Marines focus on safety
Recruit's death spurs changes in policy, attitude at Parris Island training pool
Published Sunday March 5 2006
By LORI YOUNT
The Beaufort Gazette

Since becoming a combat water survival instructor on Parris Island a year ago, Sgt. Barrett Dilley has seen changes at the training pool where a 19-year-old recruit drowned in February 2005.

Jason Tharp's drowning and the subsequent court-martial trial of Staff Sgt. Nadya Lopez, the combat water survival instructor who was training Tharp on the day of his death, made national news.
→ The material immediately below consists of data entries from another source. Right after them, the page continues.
(* Let $L_w = BWB^\top\in\mathbb{R}^{n\times n}$ be the weighted Laplacian of a connected undirected graph with nonnegative edge weights (so that its second smallest eigenvalue is positive), and let $E\in\mathbb{R}^{n\times k}$ be a port matrix. Consider the system $\dot x = -L_w x + E d$, $y=E^\top x$, with transfer matrix $\mathbb{G}(s)=E^\top(sI+L_w)^{-1}E$. Let $\gamma>0$. If $\|\mathbb{G}\|_\infty\le\gamma$, then $P=\gamma I_n$ satisfies the Riccati inequality $$-PL_w - L_w^\top P + EE^\top + \frac{1}{\gamma^2}PEE^\top P \preceq 0 .$$
   Context: A weighted undirected graph has node set $\{v_1,\dots,v_n\}$, edge set $\{\mathcal{E}_1,\dots,\mathcal{E}_m\}$ and edge weights $w_1,\dots,w_m$. Given an arbitrary orientation of each edge, the incidence matrix $B\in\mathbb{R}^{n\times m}$ has $B_{ij}=1$ if edge $\mathcal{E}_j$ starts at $v_i$, $B_{ij}=-1$ if it ends at $v_i$, and $0$ otherwise; $W=\mathrm{diag}(w_1,\dots,w_m)$ and the weighted Laplacian is $L_w=BWB^\top$. A port matrix $E\in\mathbb{R}^{n\times k}$ is a matrix each of whose columns has exactly one entry equal to $1$, exactly one entry equal to $-1$, and all other entries $0$. The $\mathcal{H}_\infty$-norm $\|\mathbb{G}\|_\infty$ is the induced $\mathcal{L}_2$-gain from $d$ to $y$ with $x(0)=0$, which equals $\sup_{\omega\in\mathbb{R}}\bar\sigma(\mathbb{G}(j\omega))$ with $\bar\sigma$ the largest singular value. $M\preceq 0$ means $-M$ is symmetric positive semidefinite. *)

theory Defs
  imports "HOL-Analysis.Analysis"
begin

text \<open>Graph: nodes of finite type 'n, edges of finite type 'm; each edge j is oriented
  from fst (ends j) to snd (ends j). Weights w j.\<close>

definition incidence_matrix :: "('m \<Rightarrow> 'n \<times> 'n) \<Rightarrow> real^'m^'n" where
  "incidence_matrix ends = (\<chi> i j. if i = fst (ends j) then 1
                                    else if i = snd (ends j) then -1 else 0)"

definition diag_mat :: "('m \<Rightarrow> real) \<Rightarrow> real^'m^'m" where
  "diag_mat w = (\<chi> i j. if i = j then w i else 0)"

definition weighted_laplacian :: "('m::finite \<Rightarrow> 'n::finite \<times> 'n) \<Rightarrow> ('m \<Rightarrow> real) \<Rightarrow> real^'n^'n" where
  "weighted_laplacian ends w =
     incidence_matrix ends ** diag_mat w ** transpose (incidence_matrix ends)"

definition graph_connected :: "('m \<Rightarrow> 'n \<times> 'n) \<Rightarrow> ('m \<Rightarrow> real) \<Rightarrow> bool" where
  "graph_connected ends w \<longleftrightarrow>
     (\<forall>u v. (u, v) \<in> ({(a, b). \<exists>j. w j > 0 \<and> (ends j = (a, b) \<or> ends j = (b, a))})\<^sup>*)"

definition port_matrix :: "real^'k^'n \<Rightarrow> bool" where
  "port_matrix E \<longleftrightarrow>
     (\<forall>j. \<exists>a b. a \<noteq> b \<and> (\<forall>i. E $ i $ j = (if i = a then 1 else if i = b then -1 else 0)))"

definition cmat :: "real^'b^'a \<Rightarrow> complex^'b^'a" where
  "cmat M = (\<chi> i j. complex_of_real (M $ i $ j))"

definition transfer_matrix :: "real^'n::finite^'n \<Rightarrow> real^'k^'n \<Rightarrow> complex \<Rightarrow> complex^'k^'k" where
  "transfer_matrix L E s =
     transpose (cmat E) ** matrix_inv ((\<chi> i j. if i = j then s else 0) + cmat L) ** cmat E"

text \<open>Largest singular value = operator norm induced by the Euclidean norm on complex^'k.\<close>
definition max_sv :: "complex^'k^'l \<Rightarrow> real" where
  "max_sv M = onorm (\<lambda>v. M *v v)"

text \<open>H-infinity norm: sup over frequencies of the largest singular value of G(j\<omega>).
  The point \<omega> = 0 (where s I + L is singular) is omitted; G extends continuously there.\<close>
definition hinf_norm :: "real^'n^'n \<Rightarrow> real^'k^'n \<Rightarrow> ereal" where
  "hinf_norm L E = (SUP \<omega>\<in>{\<omega>::real. \<omega> \<noteq> 0}. ereal (max_sv (transfer_matrix L E (\<i> * complex_of_real \<omega>))))"

definition neg_semidef :: "real^'n^'n \<Rightarrow> bool" where
  "neg_semidef M \<longleftrightarrow> transpose M = M \<and> (\<forall>x. x \<bullet> (M *v x) \<le> 0)"

end

theory Submission imports Defs begin

text \<open>
  Since \<open>L\<^sub>w = B W B\<^sup>T\<close> is symmetric, the Riccati matrix for \<open>P = \<gamma> I\<close> equals
  \<open>2 (E E\<^sup>T - \<gamma> L\<^sub>w)\<close>, so the claim is \<open>\<parallel>E\<^sup>T x\<parallel>\<^sup>2 \<le> \<gamma> x\<^sup>T L\<^sub>w x\<close> for all real \<open>x\<close>.
  Put \<open>v = E\<^sup>T x\<close> and solve \<open>(j\<omega> I + L\<^sub>w) (p + j q) = E v\<close> for \<open>\<omega> > 0\<close>.
  Testing this equation against \<open>p + j q\<close> expresses the dissipated energy
  \<open>p\<^sup>T L\<^sub>w p + q\<^sup>T L\<^sub>w q\<close> and the reactive term \<open>\<omega> (\<parallel>p\<parallel>\<^sup>2 + \<parallel>q\<parallel>\<^sup>2)\<close> as the real and
  imaginary parts of \<open>v\<^sup>* E\<^sup>T (p + j q)\<close>, which the gain bound controls by \<open>\<gamma> \<parallel>v\<parallel>\<^sup>2\<close>.
  Then \<open>\<parallel>v\<parallel>\<^sup>2 = x\<^sup>T L\<^sub>w p - \<omega> x\<^sup>T q\<close>, and the Cauchy--Schwarz inequality for the form
  \<open>L\<^sub>w\<close> gives \<open>\<parallel>v\<parallel> \<le> \<surd>(\<gamma> x\<^sup>T L\<^sub>w x) + \<surd>(\<gamma> \<omega>) \<parallel>x\<parallel>\<close>; let \<open>\<omega> \<rightarrow> 0\<close>.
\<close>

lemma inner_mult_transpose: "(a :: real^'n) \<bullet> (M *v b) = (transpose M *v a) \<bullet> b"
  by (simp add: dot_lmul_matrix[symmetric])

lemma inner_mult_symmetric:
  fixes L :: "real^'n^'n"
  assumes "transpose L = L"
  shows "x \<bullet> (L *v y) = y \<bullet> (L *v x)"
  by (metis assms dot_lmul_matrix inner_commute transpose_matrix_vector)

lemma transpose_add: "transpose (A + B) = transpose A + transpose B"
  by (simp add: transpose_def vec_eq_iff)

lemma transpose_diff: "transpose (A - B) = transpose A - transpose B"
  by (simp add: transpose_def vec_eq_iff)

lemma scaleR_mat_1_mult: "(c *\<^sub>R mat 1) ** A = c *\<^sub>R (A :: real^'m^'n)"
  by (metis matrix_mul_lid scalar_matrix_assoc)

lemma mult_scaleR_mat_1: "A ** (c *\<^sub>R mat 1) = c *\<^sub>R (A :: real^'m^'n)"
  by (metis matrix_mul_rid matrix_scalar_ac scalar_matrix_assoc)

lemma transpose_diag_mat [simp]: "transpose (diag_mat a) = diag_mat a"
  by (simp add: transpose_def diag_mat_def vec_eq_iff)

lemma diag_mat_mult: "diag_mat a ** diag_mat b = diag_mat (\<lambda>j. a j * b j)"
proof -
  have "(\<Sum>k\<in>UNIV. (if i = k then a i else 0) * (if k = j then b k else 0))
          = (\<Sum>k\<in>UNIV. if k = i then (if i = j then a i * b i else 0) else 0)" for i j :: 'a
    by (rule sum.cong) auto
  then show ?thesis
    by (simp add: diag_mat_def matrix_matrix_mult_def vec_eq_iff)
qed

lemma scalar_diagonal_mult: "(\<chi> i j. if i = j then s else 0) *v u = s *s u"
  by (simp add: matrix_vector_mult_def vec_eq_iff if_distrib if_distribR cong: if_cong)

lemma matrix_mul_matrix_inv: "invertible A \<Longrightarrow> A ** matrix_inv A = mat 1"
  unfolding invertible_def matrix_inv_def by (rule someI2_ex) auto

definition Re_vec :: "complex^'n \<Rightarrow> real^'n" where
  "Re_vec u = (\<chi> i. Re (u $ i))"

definition Im_vec :: "complex^'n \<Rightarrow> real^'n" where
  "Im_vec u = (\<chi> i. Im (u $ i))"

definition of_real_vec :: "real^'n \<Rightarrow> complex^'n" where
  "of_real_vec v = (\<chi> i. complex_of_real (v $ i))"

abbreviation shifted_cmat :: "complex \<Rightarrow> real^'n^'n \<Rightarrow> complex^'n^'n" where
  "shifted_cmat s L \<equiv> (\<chi> i j. if i = j then s else 0) + cmat L"

lemma Re_vec_cmat_mult: "Re_vec (cmat M *v u) = M *v Re_vec u"
  by (simp add: Re_vec_def cmat_def matrix_vector_mult_def vec_eq_iff Re_sum)

lemma Im_vec_cmat_mult: "Im_vec (cmat M *v u) = M *v Im_vec u"
  by (simp add: Im_vec_def cmat_def matrix_vector_mult_def vec_eq_iff Im_sum)

lemma cmat_mult_of_real_vec: "cmat M *v of_real_vec v = of_real_vec (M *v v)"
  by (simp add: of_real_vec_def cmat_def matrix_vector_mult_def vec_eq_iff)

lemma Re_vec_of_real_vec [simp]: "Re_vec (of_real_vec v) = v"
  by (simp add: Re_vec_def of_real_vec_def vec_eq_iff)

lemma Im_vec_of_real_vec [simp]: "Im_vec (of_real_vec v) = 0"
  by (simp add: Im_vec_def of_real_vec_def vec_eq_iff)

lemma transpose_cmat: "transpose (cmat M) = cmat (transpose M)"
  by (simp add: transpose_def cmat_def vec_eq_iff)

lemma Re_vec_0 [simp]: "Re_vec 0 = 0"
  by (simp add: Re_vec_def vec_eq_iff)

lemma Im_vec_0 [simp]: "Im_vec 0 = 0"
  by (simp add: Im_vec_def vec_eq_iff)

lemma complex_vec_eq_0_iff: "u = 0 \<longleftrightarrow> Re_vec u = 0 \<and> Im_vec u = 0"
  by (auto simp: Re_vec_def Im_vec_def vec_eq_iff complex_eq_iff)

lemma norm_complex_vec_squared: "norm u ^ 2 = norm (Re_vec u) ^ 2 + norm (Im_vec u) ^ 2"
  by (simp add: power2_norm_eq_inner inner_vec_def inner_complex_def Re_vec_def Im_vec_def
      sum.distrib)

lemma norm_of_real_vec: "norm (of_real_vec v) = norm v"
  using norm_complex_vec_squared[of "of_real_vec v"] by (simp add: power2_eq_iff_nonneg)

lemma Re_vec_shifted_cmat_mult:
  "Re_vec (shifted_cmat (\<i> * complex_of_real \<omega>) L *v u) = L *v Re_vec u - \<omega> *\<^sub>R Im_vec u"
  by (simp add: matrix_vector_mult_add_rdistrib scalar_diagonal_mult Re_vec_cmat_mult[symmetric])
     (simp add: Re_vec_def Im_vec_def vec_eq_iff)

lemma Im_vec_shifted_cmat_mult:
  "Im_vec (shifted_cmat (\<i> * complex_of_real \<omega>) L *v u) = L *v Im_vec u + \<omega> *\<^sub>R Re_vec u"
  by (simp add: matrix_vector_mult_add_rdistrib scalar_diagonal_mult Im_vec_cmat_mult[symmetric])
     (simp add: Re_vec_def Im_vec_def vec_eq_iff)

lemma invertible_shifted_cmat:
  fixes L :: "real^'n::finite^'n"
  assumes sym: "transpose L = L" and "\<omega> \<noteq> 0"
  shows "invertible (shifted_cmat (\<i> * complex_of_real \<omega>) L)"
proof -
  have "u = 0" if "shifted_cmat (\<i> * complex_of_real \<omega>) L *v u = 0" for u
  proof -
    have Re: "L *v Re_vec u = \<omega> *\<^sub>R Im_vec u" and Im: "L *v Im_vec u = - \<omega> *\<^sub>R Re_vec u"
      using that Re_vec_shifted_cmat_mult[of \<omega> L u] Im_vec_shifted_cmat_mult[of \<omega> L u]
      by (simp_all add: eq_commute[of 0] eq_neg_iff_add_eq_0)
    have "\<omega> * (Im_vec u \<bullet> Im_vec u) = - \<omega> * (Re_vec u \<bullet> Re_vec u)"
      using inner_mult_symmetric[OF sym, of "Im_vec u" "Re_vec u"] by (simp add: Re Im)
    then have "\<omega> * (Im_vec u \<bullet> Im_vec u + Re_vec u \<bullet> Re_vec u) = 0"
      by (simp add: distrib_left)
    then have "Im_vec u \<bullet> Im_vec u + Re_vec u \<bullet> Re_vec u = 0"
      using \<open>\<omega> \<noteq> 0\<close> by simp
    then show "u = 0"
      by (metis add_nonneg_eq_0_iff complex_vec_eq_0_iff inner_eq_zero_iff inner_ge_zero)
  qed
  then show ?thesis
    unfolding invertible_left_inverse matrix_left_invertible_ker by blast
qed

lemma transfer_matrix_real_solution:
  fixes L :: "real^'n::finite^'n" and E :: "real^'k::finite^'n"
  assumes sym: "transpose L = L" and "\<omega> \<noteq> 0"
  obtains p q where "L *v p - \<omega> *\<^sub>R q = E *v v" and "L *v q + \<omega> *\<^sub>R p = 0"
    and "norm (transpose E *v p) ^ 2 + norm (transpose E *v q) ^ 2
           \<le> (max_sv (transfer_matrix L E (\<i> * complex_of_real \<omega>)) * norm v) ^ 2"
proof -
  define A where "A = shifted_cmat (\<i> * complex_of_real \<omega>) L"
  define u where "u = matrix_inv A *v (cmat E *v of_real_vec v)"
  have "A *v u = of_real_vec (E *v v)"
    using matrix_mul_matrix_inv[OF invertible_shifted_cmat[OF assms]]
    by (simp add: u_def A_def matrix_vector_mul_assoc cmat_mult_of_real_vec)
  then have Re: "L *v Re_vec u - \<omega> *\<^sub>R Im_vec u = E *v v"
    and Im: "L *v Im_vec u + \<omega> *\<^sub>R Re_vec u = 0"
    using Re_vec_shifted_cmat_mult[of \<omega> L u] Im_vec_shifted_cmat_mult[of \<omega> L u]
    by (simp_all add: A_def)
  let ?G = "transfer_matrix L E (\<i> * complex_of_real \<omega>)"
  have G: "?G *v of_real_vec v = transpose (cmat E) *v u"
    by (simp add: transfer_matrix_def u_def A_def matrix_vector_mul_assoc matrix_mul_assoc)
  have "norm (?G *v of_real_vec v) \<le> max_sv ?G * norm (of_real_vec v)"
    unfolding max_sv_def by (rule onorm) simp
  then have "norm (transpose (cmat E) *v u) ^ 2 \<le> (max_sv ?G * norm v) ^ 2"
    by (simp add: G norm_of_real_vec power_mono)
  then have "norm (transpose E *v Re_vec u) ^ 2 + norm (transpose E *v Im_vec u) ^ 2
               \<le> (max_sv ?G * norm v) ^ 2"
    by (simp add: norm_complex_vec_squared transpose_cmat Re_vec_cmat_mult Im_vec_cmat_mult)
  with Re Im that show ?thesis by blast
qed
Lopez was found not guilty of negligent homicide on Feb. 22, but Dilley said several oversight and practical adjustments have been made at the pool, some in light of reports that came out after the incident.

"It's a sad thing something like that had to happen to speed things along," Dilley said, standing in his instructor's swim tank and shorts at the side of the training pool, a building kept at tropical temperatures.

For example, 12 cameras were installed at the pool in the fall, and the instructors and their supervisors use them for training purposes.

"We just see things we need to work on," Dilley said of reviewing himself on tape.

Also new to the pool staff is a permanent position of officer in charge, in which an officer who is also certified combat water survival instructor oversees the operation of the pool.

Capt. David Bell, who began the job in November, said his main job, besides overseeing the pool deck, is to ensure all the base's orders regarding the pool are followed.

One new policy provides additional supervision of unqualified recruits, which Tharp was. In the shallow end of the pool the same instructor is in charge an entire week, which Bell said helps them build a relationship and rapport with recruits struggling during their water survival qualification.

"The No. 1 key is being relaxed," he said.

Once the unqualified recruits graduate to the deep end of the pool, two sets of instructors' eyes are on them at all times -- the instructor working with the recruit in the water and an additional instructor watching from the side of the pool.

Antowan Lindsay, an unqualified recruit from Buffalo, N.Y., who said his mother never let him swim as a child because of his asthma, said he felt safe in the pool.

"All the instructors make sure safety is the first thing," he said. "You can reach out and touch them. They help you up."

On his third day at the pool, Lindsay still was unable to swim 25 meters across the shallow end, on his back, propelling himself by waving his arms and moving his legs in a haphazard frog kick, almost as if he were trying to make a snow angel in the water. Bell said recruits are taught to swim this way because the purpose of this training is more to teach floating than swimming.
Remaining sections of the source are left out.